Task 3: Explore the output

After the alignment finishes:

Count the number of alignments with wc
View the file with less and scroll through the first few lines to inspect the structure.
Check the minimap2 manual to find out what the different columns mean.

Answer the following questions:

How many alignments are there? Is this number higher or lower than your total number of input reads? Why might that be?
Look at the first 12 columns of the PAF file. Which of these could help you filter unreliable alignments or identify multi-mapping reads?

# Count the number of reference sequences
... 

# Generate a suitable output folder 
...

# Run minimap2 
...

# Count the number of alignments
...

Click to see the answer

# Count the number of reference sequences
grep -c ">"  data/amplicons_nr.fasta

# Generate a suitable output folder 
mkdir results/minimap2

# Run minimap2 
srun --cpus-per-task 2 --mem=20G minimap2 \
        -cx map-ont -t 2 \
        data/amplicons_nr.fasta \
        results/chopper/barcodeX_filtered.fastq.gz \
        > results/minimap2/barcodeX.paf

# Count number of alignments: 2059 (-1 because of the header)
wc -l results/minimap2/barcodeX.paf

# Explore the file itself
less -S results/minimap2/barcodeX.paf

Answer:

There are 45,318 alignments for 24,600 reads. If you see more alignments then there are reads, there might be different reasons for that:
1. If your experiment included Pseudomonas strains you likely will have more alignments than reads. The higher number of alignments occurs because some reads might align equally well to multiple reference 16S sequences, these are multi-mapping reads.
2. Some reads might only partially or weakly align to highly similar regions in the 16S rRNA gene
Useful PAF columns for assessing alignment reliability include:
- Column 10: number of matching bases (can be use to calculate % identity)
- Column 11: total length of the alignment (including gaps; can be use to calculate % identity)
- Column 12: mapping quality. 0 is used to mark and thereby identify multi-mappers
- Columns 3–4: read start and end positions (can be used to calculate how much of the read aligned)

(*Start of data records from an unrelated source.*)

(* Let $\mathcal A,\mathcal B,\mathcal C,\mathcal D$ be collections and $\alpha$ an ordinal. Suppose that for each $\xi<\alpha$ there are functions $\overleftarrow T_{\mathrm I,\xi}:\mathcal B\to\mathcal A$ and $\overrightarrow T_{\mathrm{II},\xi}:(\bigcup\mathcal A)\times\mathcal B\to\bigcup\mathcal B$ such that (Tr1) if $x\in\overleftarrow T_{\mathrm I,\xi}(B)$ then $\overrightarrow T_{\mathrm{II},\xi}(x,B)\in B$; and (Tr2) if $x_\xi\in\overleftarrow T_{\mathrm I,\xi}(B_\xi)$ for all $\xi<\alpha$ and $\{x_\xi:\xi<\alpha\}\in\mathcal C$, then $\{\overrightarrow T_{\mathrm{II},\xi}(x_\xi,B_\xi):\xi<\alpha\}\in\mathcal D$. Then $G^\alpha_1(\mathcal A,\mathcal C)\le_{\mathrm{II}}G^\alpha_1(\mathcal B,\mathcal D)$.
   Context: In the game $G^\alpha_1(\mathcal E,\mathcal F)$, at each stage $\xi<\alpha$ One plays $E_\xi\in\mathcal E$ and Two picks $x_\xi\in E_\xi$; Two wins iff $\{x_\xi:\xi<\alpha\}\in\mathcal F$, otherwise One wins. A strategy for One is a function $\sigma:(\bigcup\mathcal E)^{<\alpha}\to\mathcal E$ (from the sequence of Two's previous moves); it is predetermined if it depends only on the stage $\xi$. A strategy for Two is a function $\tau:\mathcal E^{<\alpha}\to\bigcup\mathcal E$ choosing an element of One's latest move; it is Markov if it is a function $\mathcal E\times\alpha\to\bigcup\mathcal E$ of One's latest move and the stage. A strategy is winning if its player wins every play following it. $G\le_{\mathrm{II}}H$ means: (1) if Two has a winning Markov strategy in $G$ then Two has one in $H$; (2) if Two has a winning strategy in $G$ then Two has one in $H$; (3) if One has no winning strategy in $G$ then One has none in $H$; (4) if One has no winning predetermined strategy in $G$ then One has none in $H$. *)

theory Defs
  imports "HOL-Library.FuncSet"
begin

text \<open>The ordinal alpha is represented by a set I of stages inside a well-ordered
type 'i; the stages xi < alpha are the elements of I, ordered by the well-order.\<close>

definition before :: "'i::wellorder set \<Rightarrow> 'i \<Rightarrow> 'i set" where
  "before I \<xi> = {\<eta>\<in>I. \<eta> < \<xi>}"

definition upto :: "'i::wellorder set \<Rightarrow> 'i \<Rightarrow> 'i set" where
  "upto I \<xi> = {\<eta>\<in>I. \<eta> \<le> \<xi>}"

definition one_strategy :: "'i::wellorder set \<Rightarrow> 'a set set \<Rightarrow> ('i \<Rightarrow> ('i \<Rightarrow> 'a) \<Rightarrow> 'a set) \<Rightarrow> bool" where
  "one_strategy I \<E> \<sigma> \<longleftrightarrow> (\<forall>\<xi>\<in>I. \<forall>h. \<sigma> \<xi> (restrict h (before I \<xi>)) \<in> \<E>)"

definition follows_one :: "'i::wellorder set \<Rightarrow> ('i \<Rightarrow> ('i \<Rightarrow> 'a) \<Rightarrow> 'a set) \<Rightarrow> ('i \<Rightarrow> 'a) \<Rightarrow> bool" where
  "follows_one I \<sigma> x \<longleftrightarrow> (\<forall>\<xi>\<in>I. x \<xi> \<in> \<sigma> \<xi> (restrict x (before I \<xi>)))"

definition one_winning :: "'i::wellorder set \<Rightarrow> 'a set set \<Rightarrow> 'a set set \<Rightarrow> ('i \<Rightarrow> ('i \<Rightarrow> 'a) \<Rightarrow> 'a set) \<Rightarrow> bool" where
  "one_winning I \<E> \<F> \<sigma> \<longleftrightarrow> one_strategy I \<E> \<sigma> \<and>
     (\<forall>x. follows_one I \<sigma> x \<longrightarrow> x ` I \<notin> \<F>)"

definition one_has_winning :: "'i::wellorder set \<Rightarrow> 'a set set \<Rightarrow> 'a set set \<Rightarrow> bool" where
  "one_has_winning I \<E> \<F> \<longleftrightarrow> (\<exists>\<sigma>. one_winning I \<E> \<F> \<sigma>)"

definition one_has_winning_predetermined :: "'i::wellorder set \<Rightarrow> 'a set set \<Rightarrow> 'a set set \<Rightarrow> bool" where
  "one_has_winning_predetermined I \<E> \<F> \<longleftrightarrow> (\<exists>\<sigma> :: 'i \<Rightarrow> 'a set.
     (\<forall>\<xi>\<in>I. \<sigma> \<xi> \<in> \<E>) \<and> (\<forall>x. (\<forall>\<xi>\<in>I. x \<xi> \<in> \<sigma> \<xi>) \<longrightarrow> x ` I \<notin> \<F>))"

definition two_strategy :: "'i::wellorder set \<Rightarrow> 'a set set \<Rightarrow> ('i \<Rightarrow> ('i \<Rightarrow> 'a set) \<Rightarrow> 'a) \<Rightarrow> bool" where
  "two_strategy I \<E> \<tau> \<longleftrightarrow> (\<forall>\<xi>\<in>I. \<forall>E. (\<forall>\<eta>\<in>upto I \<xi>. E \<eta> \<in> \<E>) \<longrightarrow>
     \<tau> \<xi> (restrict E (upto I \<xi>)) \<in> E \<xi>)"

definition two_has_winning :: "'i::wellorder set \<Rightarrow> 'a set set \<Rightarrow> 'a set set \<Rightarrow> bool" where
  "two_has_winning I \<E> \<F> \<longleftrightarrow> (\<exists>\<tau>. two_strategy I \<E> \<tau> \<and>
     (\<forall>E. (\<forall>\<xi>\<in>I. E \<xi> \<in> \<E>) \<longrightarrow> (\<lambda>\<xi>. \<tau> \<xi> (restrict E (upto I \<xi>))) ` I \<in> \<F>))"

definition two_has_winning_markov :: "'i::wellorder set \<Rightarrow> 'a set set \<Rightarrow> 'a set set \<Rightarrow> bool" where
  "two_has_winning_markov I \<E> \<F> \<longleftrightarrow> (\<exists>\<tau> :: 'a set \<Rightarrow> 'i \<Rightarrow> 'a.
     (\<forall>E\<in>\<E>. \<forall>\<xi>\<in>I. \<tau> E \<xi> \<in> E) \<and>
     (\<forall>E. (\<forall>\<xi>\<in>I. E \<xi> \<in> \<E>) \<longrightarrow> (\<lambda>\<xi>. \<tau> (E \<xi>) \<xi>) ` I \<in> \<F>))"

definition le_II :: "'i::wellorder set \<Rightarrow> 'a set set \<Rightarrow> 'a set set \<Rightarrow> 'b set set \<Rightarrow> 'b set set \<Rightarrow> bool" where
  "le_II I \<E> \<F> \<E>' \<F>' \<longleftrightarrow>
     (two_has_winning_markov I \<E> \<F> \<longrightarrow> two_has_winning_markov I \<E>' \<F>') \<and>
     (two_has_winning I \<E> \<F> \<longrightarrow> two_has_winning I \<E>' \<F>') \<and>
     (\<not> one_has_winning I \<E> \<F> \<longrightarrow> \<not> one_has_winning I \<E>' \<F>') \<and>
     (\<not> one_has_winning_predetermined I \<E> \<F> \<longrightarrow> \<not> one_has_winning_predetermined I \<E>' \<F>')"

end

theory Submission
  imports Defs
begin

text \<open>Plays are translated stage by stage: a move B of One in the game on \<open>\<B>\<close> becomes
the move \<open>TI \<xi> B\<close> in the game on \<open>\<A>\<close>, and a reply x of Two there is pulled back to
\<open>TII \<xi> x B \<in> B\<close> (Tr1). By Tr2 a play won by Two in the \<open>\<A>\<close>-game translates to a play
won by Two in the \<open>\<B>\<close>-game. So Two's (Markov) winning strategies transfer forwards,
and One's (predetermined) winning strategies transfer backwards. For a general
strategy of One the \<open>\<B>\<close>-moves of Two that it reacts to must be reconstructed from the
\<open>\<A>\<close>-moves by transfinite recursion along the stages.\<close>

definition translated_play ::
    "'i::wellorder set \<Rightarrow> ('i \<Rightarrow> 'a \<Rightarrow> 'b set \<Rightarrow> 'b) \<Rightarrow> ('i \<Rightarrow> ('i \<Rightarrow> 'b) \<Rightarrow> 'b set)
      \<Rightarrow> ('i \<Rightarrow> 'a) \<Rightarrow> 'i \<Rightarrow> 'b" where
  "translated_play I TII \<sigma> x =
     wfrec {(\<eta>, \<xi>). \<eta> < \<xi>} (\<lambda>y \<eta>. TII \<eta> (x \<eta>) (\<sigma> \<eta> (restrict y (before I \<eta>))))"

lemma translated_play_eq:
  fixes I :: "'i::wellorder set"
  shows "translated_play I TII \<sigma> x \<eta> =
    TII \<eta> (x \<eta>) (\<sigma> \<eta> (restrict (translated_play I TII \<sigma> x) (before I \<eta>)))"
proof -
  have cut_eq: "restrict (cut y {(\<eta>, \<xi>). \<eta> < \<xi>} \<eta>) (before I \<eta>) = restrict y (before I \<eta>)"
    for y
    by (auto simp: cut_def before_def restrict_def)
  have "wf {(\<eta>::'i, \<xi>). \<eta> < \<xi>}"
    using wf by (simp add: wf_def)
  then show ?thesis
    unfolding translated_play_def by (subst wfrec) (simp_all only: cut_eq)
qed

lemma translated_play_restrict_before:
  fixes I :: "'i::wellorder set"
  shows "restrict (translated_play I TII \<sigma> (restrict x (before I \<xi>))) (before I \<xi>) =
    restrict (translated_play I TII \<sigma> x) (before I \<xi>)"
proof -
  have "translated_play I TII \<sigma> (restrict x (before I \<xi>)) \<eta> = translated_play I TII \<sigma> x \<eta>"
    if "\<eta> \<in> I" "\<eta> < \<xi>" for \<eta>
    using that
  proof (induction \<eta> rule: less_induct)
    case (less \<eta>)
    have "restrict (translated_play I TII \<sigma> (restrict x (before I \<xi>))) (before I \<eta>) =
        restrict (translated_play I TII \<sigma> x) (before I \<eta>)"
      using less by (intro ext) (auto simp: restrict_def before_def)
    with less.prems show ?case
      by (subst (1 2) translated_play_eq) (simp add: before_def)
  qed
  then show ?thesis
    by (auto simp: restrict_def before_def)
qed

Information on the PAF output:

Col	Description
1	Query sequence name
2	Query sequence length
3	Query start coordinate (0-based)
4	Query end coordinate (0-based)
5	‘+’ if query/target on the same strand; ‘-’ if opposite
6	Target sequence name
7	Target sequence length
8	Target start coordinate on the original strand
9	Target end coordinate on the original strand
10	Number of matching bases in the mapping
11	Number bases, including gaps, in the mapping
12	Mapping quality (0-255 with 255 for missing)

6.3 Generate a count table

Now that we have our alignment results, our goal is to summarize them into a count table, a matrix showing how many reads aligned to each reference 16S rRNA sequence. Before creating the count table, we first need to filter our results to make sure we only count high-confidence matches by:

Removing low-confidence hits by filtering out alignments with:
- Low sequence identity (many mismatches)
- Low coverage (only part of the read mapped to the reference)
- Low mapping quality (reads could map equally well elsewhere)
Selecting the single best alignment for each read (to handle multi-mappers)

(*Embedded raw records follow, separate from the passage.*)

fun occ :: "trm \<Rightarrow> nat \<Rightarrow> nat" where
  "occ (Var i) k = (if i = k then 1 else 0)"
| "occ (Lam t) k = occ t (Suc k)"
| "occ (App t u) k = occ t k + occ u k"
| "occ (ESub t u) k = occ t (Suc k) + occ u k"

text \<open>split k t t': t' is obtained from t by inserting a fresh binder for y
  just outside the binder of x (index k), and renaming some (possibly none or all)
  free occurrences of x (index k) into y (index k+1); other free indices
  above k are shifted by one.\<close>
inductive split :: "nat \<Rightarrow> trm \<Rightarrow> trm \<Rightarrow> bool" where
  split_lt: "i < k \<Longrightarrow> split k (Var i) (Var i)"
| split_gt: "i > k \<Longrightarrow> split k (Var i) (Var (Suc i))"
| split_keep: "split k (Var k) (Var k)"
| split_ren: "split k (Var k) (Var (Suc k))"
| split_lam: "split (Suc k) t t' \<Longrightarrow> split k (Lam t) (Lam t')"
| split_app: "split k t t' \<Longrightarrow> split k u u' \<Longrightarrow> split k (App t u) (App t' u')"
| split_esub: "split (Suc k) t t' \<Longrightarrow> split k u u' \<Longrightarrow> split k (ESub t u) (ESub t' u')"

text \<open>In rule c, t' = t_[y]_x with x = index 0, y = index 1, and the requirement that
  both x and y still occur means 1 <= k <= n-1 occurrences are renamed.
  The result t_[y]_x[x/u][y/u] has u lifted in the inner substitution because
  it lies under the binder of y (y fresh, so y is not free in u).\<close>
inductive jstep :: "trm \<Rightarrow> trm \<Rightarrow> bool" where
  j_w: "occ t 0 = 0 \<Longrightarrow> jstep (ESub t u) (subst t 0 u)"
| j_d: "occ t 0 = 1 \<Longrightarrow> jstep (ESub t u) (subst t 0 u)"
| j_c: "occ t 0 \<ge> 2 \<Longrightarrow> split 0 t t' \<Longrightarrow> occ t' 0 \<ge> 1 \<Longrightarrow> occ t' 1 \<ge> 1 \<Longrightarrow>
        jstep (ESub t u) (ESub (ESub t' (lift u 0)) u)"
| j_lam: "jstep t t' \<Longrightarrow> jstep (Lam t) (Lam t')"
| j_appl: "jstep t t' \<Longrightarrow> jstep (App t u) (App t' u)"
| j_appr: "jstep u u' \<Longrightarrow> jstep (App t u) (App t u')"
| j_esubl: "jstep t t' \<Longrightarrow> jstep (ESub t u) (ESub t' u)"
| j_esubr: "jstep u u' \<Longrightarrow> jstep (ESub t u) (ESub t u')"

definition confluent :: "('a \<Rightarrow> 'a \<Rightarrow> bool) \<Rightarrow> bool" where
  "confluent R \<longleftrightarrow> (\<forall>a b c. R\<^sup>*\<^sup>* a b \<and> R\<^sup>*\<^sup>* a c \<longrightarrow> (\<exists>d. R\<^sup>*\<^sup>* b d \<and> R\<^sup>*\<^sup>* c d))"

definition terminating :: "('a \<Rightarrow> 'a \<Rightarrow> bool) \<Rightarrow> bool" where
  "terminating R \<longleftrightarrow> wfP (\<lambda>b a. R a b)"

definition j_normal :: "trm \<Rightarrow> bool" where
  "j_normal t \<longleftrightarrow> (\<nexists>t'. jstep t t')"

definition jnf :: "trm \<Rightarrow> trm" where
  "jnf t = (THE s. jstep\<^sup>*\<^sup>* t s \<and> j_normal s)"

end

theory Submission
  imports Defs
begin

(* The whole proof is organised around the full expansion  expand t, which executes
   every explicit substitution of t as a meta-level substitution.  We show
     (1) t reduces to expand t (an ESub node is eliminated by repeatedly splitting off
         one occurrence with rule c until rules w/d apply),
     (2) expand is invariant under j-steps (for rule c this is the fact that
         identifying the split variable y with x again undoes the split),
     (3) expand t contains no explicit substitution, hence is j-normal.
   An abstract argument then gives confluence and uniqueness of normal forms, with
   jnf = expand; the four equations for jnf are the defining equations of expand.
   Termination is proved independently with an interpretation  weight t rho  into
   the naturals, where rho weighs the free variables and an explicit substitution
   [x/u] gives x a weight proportional to the size of u times the number of
   (expanded) occurrences of x; every rule and every context strictly decreases it. *)

text \<open>Index arithmetic in the de Bruijn lemmas below needs these case splits on
  comparisons between indices.\<close>
declare if_not_P [simp] not_less_eq [simp]


subsection \<open>Algebra of de Bruijn lifting and substitution\<close>

lemma lift_lift:
  "i < k + 1 \<Longrightarrow> lift (lift t i) (Suc k) = lift (lift t k) i"
  by (induct t arbitrary: i k) auto

lemma lift_subst [simp]:
  "j < i + 1 \<Longrightarrow> lift (subst t j s) i = subst (lift t (i + 1)) j (lift s i)"
  by (induct t arbitrary: i j s) (simp_all add: diff_Suc lift_lift split: nat.split)

lemma lift_subst_lt:
  "i < j + 1 \<Longrightarrow> lift (subst t j s) i = subst (lift t i) (j + 1) (lift s i)"
  by (induct t arbitrary: i j s) (simp_all add: lift_lift)

lemma subst_lift [simp]: "subst (lift t k) k s = t"
  by (induct t arbitrary: k s) simp_all

text \<open>The substitution lemma  t{x/u}{y/v} = t{y/v}{x/u{y/v}}  in de Bruijn form.\<close>
lemma subst_subst:
  "i < j + 1 \<Longrightarrow> subst (subst t (Suc j) (lift v i)) i (subst u j v) = subst (subst t i u) j v"
  by (induct t arbitrary: i j u v)
    (simp_all add: diff_Suc lift_lift [symmetric] lift_subst_lt split: nat.split)

lemma occ_lift:
  "occ (lift s k) j = (if j < k then occ s j else if j = k then 0 else occ s (j - 1))"
  by (induct s arbitrary: k j) (auto split: nat.split)

lemma occ_subst:
  "occ (subst t k s) j = (if j < k then occ t j else occ t (Suc j)) + occ t k * occ s j"
  by (induct t arbitrary: k j s) (auto simp: occ_lift algebra_simps split: nat.split)


subsection \<open>Splitting a variable\<close>

lemma split_none: "split k s (lift s (Suc k))"
proof (induct s arbitrary: k)
  case (Var i)
  consider "i < k" | "i = k" | "i > k" by linarith
  then show ?case by cases (auto intro: split.intros)
qed (auto intro: split.intros)

text \<open>Every variable with at least one occurrence can be split off exactly one of
  them; this is the step that makes rule c applicable repeatedly.\<close>
lemma split_one:
  "occ s k \<ge> 1 \<Longrightarrow> \<exists>s'. split k s s' \<and> occ s' k = occ s k - 1 \<and> occ s' (Suc k) = 1"
proof (induct s arbitrary: k)
  case (Var i)
  then show ?case by (auto intro!: exI[of _ "Var (Suc k)"] split.intros split: if_splits)
next
  case (Lam t)
  then obtain t' where "split (Suc k) t t'" "occ t' (Suc k) = occ t (Suc k) - 1"
      "occ t' (Suc (Suc k)) = 1"
    by auto
  then show ?case by (auto intro!: exI[of _ "Lam t'"] split.intros)
next
  case (App t u)
  show ?case
  proof (cases "occ t k \<ge> 1")
    case True
    with App obtain t' where "split k t t'" "occ t' k = occ t k - 1" "occ t' (Suc k) = 1"
      by auto
    with True show ?thesis
      by (auto intro!: exI[of _ "App t' (lift u (Suc k))"] split.intros split_none
          simp: occ_lift)
  next
    case False
    with App.prems have "occ u k \<ge> 1" by simp
    with App obtain u' where "split k u u'" "occ u' k = occ u k - 1" "occ u' (Suc k) = 1"
      by blast
    with False App.prems show ?thesis
      by (auto intro!: exI[of _ "App (lift t (Suc k)) u'"] split.intros split_none
          simp: occ_lift)
  qed
next
  case (ESub t u)
  show ?case
  proof (cases "occ t (Suc k) \<ge> 1")
    case True
    with ESub obtain t' where "split (Suc k) t t'" "occ t' (Suc k) = occ t (Suc k) - 1"
        "occ t' (Suc (Suc k)) = 1"
      by auto
    with True show ?thesis
      by (auto intro!: exI[of _ "ESub t' (lift u (Suc k))"] split.intros split_none
          simp: occ_lift)
  next
    case False
    with ESub.prems have "occ u k \<ge> 1" by simp
    with ESub obtain u' where "split k u u'" "occ u' k = occ u k - 1" "occ u' (Suc k) = 1"
      by blast
    with False ESub.prems show ?thesis
      by (auto intro!: exI[of _ "ESub (lift t (Suc (Suc k))) u'"] split.intros split_none
          simp: occ_lift)
  qed
qed

lemma split_lift: "split k u u' \<Longrightarrow> j \<le> k \<Longrightarrow> split (Suc k) (lift u j) (lift u' j)"
  by (induct arbitrary: j rule: split.induct) (auto intro: split.intros)

lemma split_subst:
  "split (Suc k) t t' \<Longrightarrow> split k u u' \<Longrightarrow> j \<le> k \<Longrightarrow>
     split k (subst t j u) (subst t' j u')"
proof (induct "Suc k" t t' arbitrary: k u u' j rule: split.induct)
  case (split_gt i)
  then have "split k (Var (i - 1)) (Var (Suc (i - 1)))" by (intro split.intros) auto
  with split_gt show ?case by auto
next
  case (split_lam t t')
  have "split (Suc k) (subst t (Suc j) (lift u 0)) (subst t' (Suc j) (lift u' 0))"
    using split_lam by (intro split_lam(2)) (auto intro!: split_lift)
  then show ?case by (auto intro!: split.intros)
next
  case (split_esub t t' v v')
  have "split (Suc k) (subst t (Suc j) (lift u 0)) (subst t' (Suc j) (lift u' 0))"
    using split_esub by (intro split_esub(2)) (auto intro!: split_lift)
  with split_esub show ?case by (auto intro!: split.intros)
qed (auto intro: split.intros)

lemma split_subst_subst: "split k s s' \<Longrightarrow> subst (subst s' k (lift v k)) k v = subst s k v"
  by (induct arbitrary: v rule: split.induct) (simp_all add: lift_lift[of 0, symmetric])


subsection \<open>Full expansion of explicit substitutions\<close>

text \<open>expand t replaces every explicit substitution of t by the meta-level one,
  innermost first; it will turn out to compute the j-normal form.\<close>
fun expand :: "trm \<Rightarrow> trm" where
  "expand (Var i) = Var i"
| "expand (Lam t) = Lam (expand t)"
| "expand (App t u) = App (expand t) (expand u)"
| "expand (ESub t u) = subst (expand t) 0 (expand u)"

lemma expand_lift: "expand (lift t k) = lift (expand t) k"
  by (induct t arbitrary: k) auto

lemma expand_subst: "expand (subst t k s) = subst (expand t) k (expand s)"
proof (induct t arbitrary: k s)
  case (ESub t u)
  then show ?case by (simp add: expand_lift subst_subst[of 0 k, symmetric])
qed (auto simp: expand_lift)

Afterwards, we can count how many reads map to each reference sequence. These counts can then be summarized at higher taxonomic levels (e.g., genus) to account for the uncertainty due to sequencing errors.

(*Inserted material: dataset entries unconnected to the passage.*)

(* For every integer $k\ge 0$, as $n\to\infty$, \[ \langle S_{2,n}^{-k}\rangle\sim\left(\frac{n}{4}\right)^{-k}. \]
   Context: For $n\ge 1$, let $\Omega_n$ be the set of rooted plane (ordered) full binary trees with $n$ leaves (every internal node has exactly two children, left and right distinguished). The random model is $\Omega_n$ with the uniform probability measure $P_n$; $\langle\cdot\rangle$ denotes expectation with respect to $P_n$. Horton–Strahler ordering: every leaf has order 1; an internal node whose two children have different orders $r_1\neq r_2$ has order $\max\{r_1,r_2\}$; an internal node whose two children both have order $r$ has order $r+1$. A branch of order $r$ is a maximal connected path consisting of nodes all of order $r$. $S_{2,n}(\tau)$ is the number of branches of order $2$ in $\tau\in\Omega_n$; for $n\ge 2$ one has $S_{2,n}\ge 1$. For sequences, $a_n\sim b_n$ means $\lim_{n\to\infty}a_n/b_n=1$. *)

theory Defs
  imports Complex_Main "HOL-Library.Landau_Symbols"
begin

datatype tree = Leaf | Node tree tree

fun leaves :: "tree \<Rightarrow> nat" where
  "leaves Leaf = 1"
| "leaves (Node l r) = leaves l + leaves r"

definition Omega :: "nat \<Rightarrow> tree set" where
  "Omega n = {t. leaves t = n}"

fun hs_order :: "tree \<Rightarrow> nat" where
  "hs_order Leaf = 1"
| "hs_order (Node l r) =
     (if hs_order l = hs_order r then hs_order l + 1 else max (hs_order l) (hs_order r))"

text \<open>Number of branches (maximal connected paths of nodes of order r) of order r.
A node of order r extends the branch of a child of order r if it has one
(it can have at most one), otherwise it starts a new branch.\<close>
fun branches :: "nat \<Rightarrow> tree \<Rightarrow> nat" where
  "branches r Leaf = (if r = 1 then 1 else 0)"
| "branches r (Node a b) = branches r a + branches r b +
     (if hs_order (Node a b) = r \<and> hs_order a \<noteq> r \<and> hs_order b \<noteq> r then 1 else 0)"

definition uexp :: "nat \<Rightarrow> (tree \<Rightarrow> real) \<Rightarrow> real" where
  "uexp n f = (\<Sum>t\<in>Omega n. f t) / real (card (Omega n))"

end

theory Submission
  imports Defs "HOL-Real_Asymp.Real_Asymp"
begin

text \<open>Branches of order 2 are exactly cherries, i.e.\ internal nodes whose two children are leaves.
Remy's leaf insertion turns the trees with \<open>n\<close> leaves, a marked node and a side into the trees
with \<open>n + 1\<close> leaves and a marked leaf, and yields a linear recurrence for the number \<open>N(n, c)\<close> of
trees with \<open>n\<close> leaves and \<open>c\<close> cherries. It implies
\<open>4 c (c + 1) N(n, c + 1) = (n - 2c) (n - 2c - 1) N(n, c)\<close>, so \<open>N(n, \<cdot>)\<close> increases by a factor
\<open>1 + \<epsilon>\<close> per step below \<open>(1 - \<epsilon>) n / 4\<close> and decreases likewise above \<open>(1 + \<epsilon>) n / 4\<close>. Hence the
number of cherries of a uniform tree lies outside \<open>[(1 - \<epsilon>) n / 4, (1 + \<epsilon>) n / 4]\<close> with
exponentially small probability, which beats the polynomial bound \<open>(n / 4c)\<^sup>k \<le> n\<^sup>k\<close> on the
integrand there.\<close>

section \<open>Cherries\<close>

fun cherries :: "tree \<Rightarrow> nat" where
  "cherries Leaf = 0"
| "cherries (Node l r) = (if l = Leaf \<and> r = Leaf then 1 else cherries l + cherries r)"

lemma hs_order_ge_1: "hs_order t \<ge> 1"
  by (induction t) auto

lemma hs_order_eq_1_iff: "hs_order t = 1 \<longleftrightarrow> t = Leaf"
proof (cases t)
  case (Node l r)
  then show ?thesis using hs_order_ge_1[of l] hs_order_ge_1[of r] by auto
qed simp

lemma branches_2_eq_cherries: "branches 2 t = cherries t"
proof (induction t)
  case (Node a b)
  have "\<not> (hs_order (Node a b) = 2 \<and> hs_order a \<noteq> 2 \<and> hs_order b \<noteq> 2)"
    if "a \<noteq> Leaf \<or> b \<noteq> Leaf"
  proof
    assume h: "hs_order (Node a b) = 2 \<and> hs_order a \<noteq> 2 \<and> hs_order b \<noteq> 2"
    from that have "hs_order a \<ge> 3 \<or> hs_order b \<ge> 3"
      using h hs_order_eq_1_iff hs_order_ge_1[of a] hs_order_ge_1[of b] by fastforce
    then show False using h by (auto split: if_splits)
  qed
  with Node show ?case
    by (cases "a = Leaf \<and> b = Leaf") auto
qed simp

lemma leaves_ge_1: "leaves t \<ge> 1"
  by (induction t) auto

lemma two_cherries_le_leaves: "2 * cherries t \<le> leaves t"
  by (induction t) auto

lemma cherries_ge_1: "t \<noteq> Leaf \<Longrightarrow> cherries t \<ge> 1"
proof (induction t)
  case (Node l r)
  then show ?case by (cases l; cases r) auto
qed simp

lemma finite_leaves_le: "finite {t. leaves t \<le> n}"
proof (induction n)
  case 0
  have "{t. leaves t \<le> 0} = {}" using leaves_ge_1 by (metis Collect_empty_eq le_zero_eq not_one_le_zero)
  then show ?case by (metis finite.emptyI)
next
  case (Suc n)
  have "{t. leaves t \<le> Suc n} \<subseteq> insert Leaf (case_prod Node ` ({t. leaves t \<le> n} \<times> {t. leaves t \<le> n}))"
  proof
    fix t assume "t \<in> {t. leaves t \<le> Suc n}"
    then show "t \<in> insert Leaf (case_prod Node ` ({t. leaves t \<le> n} \<times> {t. leaves t \<le> n}))"
    proof (cases t)
      case (Node a b)
      with \<open>t \<in> _\<close> leaves_ge_1[of a] leaves_ge_1[of b] show ?thesis by force
    qed simp
  qed
  then show ?case by (rule finite_subset) (use Suc in auto)
qed

lemma finite_Omega: "finite (Omega n)"
  unfolding Omega_def by (rule finite_subset[OF _ finite_leaves_le[of n]]) auto

fun comb :: "nat \<Rightarrow> tree" where
  "comb 0 = Leaf"
| "comb (Suc m) = Node Leaf (comb m)"

lemma leaves_comb: "leaves (comb m) = Suc m"
  by (induction m) auto

lemma card_Omega_pos: "n \<ge> 1 \<Longrightarrow> card (Omega n) > 0"
  using finite_Omega[of n] leaves_comb[of "n - 1"] card_gt_0_iff
  unfolding Omega_def by fastforce

section \<open>Remy's leaf insertion\<close>

fun positions :: "tree \<Rightarrow> bool list set" where
  "positions Leaf = {[]}"
| "positions (Node l r) = insert [] (Cons False ` positions l \<union> Cons True ` positions r)"

fun leaf_positions :: "tree \<Rightarrow> bool list set" where
  "leaf_positions Leaf = {[]}"
| "leaf_positions (Node l r) = Cons False ` leaf_positions l \<union> Cons True ` leaf_positions r"

fun add_leaf :: "tree \<Rightarrow> bool list \<Rightarrow> bool \<Rightarrow> tree" where
  "add_leaf t [] b = (if b then Node t Leaf else Node Leaf t)"
| "add_leaf (Node l r) (False # p) b = Node (add_leaf l p b) r"
| "add_leaf (Node l r) (True # p) b = Node l (add_leaf r p b)"
| "add_leaf Leaf (_ # _) _ = Leaf"

lemma finite_positions: "finite (positions t)"
  by (induction t) auto

lemma finite_leaf_positions: "finite (leaf_positions t)"
  by (induction t) auto

lemma card_leaf_positions: "card (leaf_positions t) = leaves t"
proof (induction t)
  case (Node l r)
  have "card (leaf_positions (Node l r)) = card (leaf_positions l) + card (leaf_positions r)"
    using card_Un_disjoint[of "Cons False ` leaf_positions l" "Cons True ` leaf_positions r"]
    by (auto simp: finite_leaf_positions card_image)
  then show ?case using Node by simp
qed simp

lemma add_leaf_neq_Leaf: "p \<in> positions t \<Longrightarrow> add_leaf t p b \<noteq> Leaf"
  by (induction t p b rule: add_leaf.induct) auto

lemma leaves_add_leaf: "p \<in> positions t \<Longrightarrow> leaves (add_leaf t p b) = Suc (leaves t)"
  by (induction t p b rule: add_leaf.induct) auto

Instead of using a single pre-built program, we will use a custom Python script to perform this step. So why use a tool like Python or R for this?

Tools like Minimap2 produce large, text-based alignment files. While command-line tools are great for specific tasks (like counting lines or filtering by quality), programming languages like Python and R allow you to:

Combine multiple filtering criteria (e.g. identity, coverage, quality)
Parse complex data formats
Summarize and visualize results reproducible

Tasks

Task 1: Install the necessary software

To run the required software, we first need to install some packages to parse the data. You can do this by running the following:

mamba create -n python_3.10.18 -c conda-forge python=3.10.18 matplotlib pandas

Task 2: Get the python scripts

Download the two required files:

wget https://raw.githubusercontent.com/ndombrowski/MicEco2025/refs/heads/main/scripts/paf_to_matrix.py -P scripts
wget https://raw.githubusercontent.com/ndombrowski/MicEco2025/refs/heads/main/data/accession_to_genus.tsv -P data

paf_to_matrix.py is the python script that filters alignment results and generates count tables
accession_to_genus.tsv is a two-column tab-delimited file linking each 16S rRNA gene accession to its genus

You can inspect the script’s help menu to understand its required inputs by typing python scripts/paf_to_matrix.py -h. The main arguments are:

-i: path to the folder containing PAF alignment files
-o: output folder
-t: path to two-column TSV file linking accessions to genus names
-s: (optional) seqkit stats file generated with _Tao, used to calculate unmapped reads
Filtering thresholds for identity, coverage, and mapping quality

Task 3: Generate the count table

Now, use paf_to_matrix.py to convert your alignment results into a count table. You will need to:

Make sure to activate the conda environment we setup in Task 1
Provide the path to your PAF alignment folder (-i)
Add your seqkit stats file (-s)
Include the accession-to-genus mapping file (-t)
Choose the folder in which you want to save your results (-o)

Hint: Python scripts like this one are not computationally demanding, you can safely run it on the login node without using srun.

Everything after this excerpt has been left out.